• [YOUR ASSIGNMENT]: The lines to return begin at the one containing "poly \<Rightarrow> complex" and end at the final line of the material; output them exactly and only them.

• [RECORDS FOR THIS TASK]:
(* Let $n,m\ge1$ and $p_{n,m}$ stable of degree $n$ in $z$ and $m$ in $w$. For every fixed $z\in\mathbb{T}$ and every $\eta\in\mathbb{C}$, $$\int_{\mathbb{T}}|L(z,w;\eta)|^2\,\frac{|dw|}{2\pi|p_{n,m}(z,w)|^2}=\bar z^n L(z,\eta;\eta),$$ and consequently, for $0\le i,j\le m-1$, $$\int_{\mathbb{T}}\overline{a_i(z,w)}\,a_j(z,w)\,\frac{|dw|}{2\pi|p_{n,m}(z,w)|^2}=T_{i,j}(z).$$
   Context: $p_{n,m}$ is stable if it has no zeros in $\{|z|\le1,|w|\le1\}$. Write $p_{n,m}(z,w)=\sum_{i=0}^m p_i(z)w^i$, $\bar p_i(z)=\overline{p_i(\bar z)}$, and $\tilde p_{n,m}(z,w)=z^nw^m\overline{p_{n,m}(1/\bar z,1/\bar w)}$. $L(z,w;\eta)=z^n\frac{p_{n,m}(z,w)\overline{p_{n,m}(1/\bar z,\eta)}-\tilde p_{n,m}(z,w)\overline{\tilde p_{n,m}(1/\bar z,\eta)}}{1-w\bar\eta}$, a polynomial in $z,w,\bar\eta$, and $a_j$ are defined by $L=\sum_{j=0}^{m-1}a_j(z,w)\bar\eta^j$. $T_m(z)$ is the $m\times m$ matrix (indices $0,\dots,m-1$) $T_m(z)=M_1M_2-M_3M_4$, where $M_1$ is lower triangular with $(r,s)$ entry $p_{r-s}(z)$ for $r\ge s$; $M_2$ upper triangular with $(r,s)$ entry $\bar p_{s-r}(1/z)$ for $s\ge r$; $M_3$ lower triangular with $(r,s)$ entry $\bar p_{m-r+s}(1/z)$ for $r\ge s$; $M_4$ upper triangular with $(r,s)$ entry $p_{m-s+r}(z)$ for $s\ge r$. $T_{i,j}$ is its $(i,j)$ entry. *)

theory Defs
  imports "HOL-Analysis.Analysis" "HOL-Computational_Algebra.Polynomial"
begin

text \<open>A bivariate polynomial p(z,w) = sum_i p_i(z) w^i is represented as a
  polynomial in w whose coefficients are polynomials in z.\<close>

definition pc :: "complex poly poly \<Rightarrow> nat \<Rightarrow> complex \<Rightarrow> complex" where
  "pc P i z = poly (coeff P i) z"

definition pbar :: "complex poly poly \<Rightarrow> nat \<Rightarrow> complex \<Rightarrow> complex" where
  "pbar P i z = cnj (poly (coeff P i) (cnj z))"

definition ev2 :: "complex poly poly \<Rightarrow> complex \<Rightarrow> complex \<Rightarrow> complex" where
  "ev2 P z w = (\<Sum>i\<le>degree P. pc P i z * w ^ i)"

• [EXERCISE RESULT]:
definition ev2 :: "complex poly poly \<Rightarrow> complex \<Rightarrow> complex \<Rightarrow> complex" where
  "ev2 P z w = (\<Sum>i\<le>degree P. pc P i z * w ^ i)"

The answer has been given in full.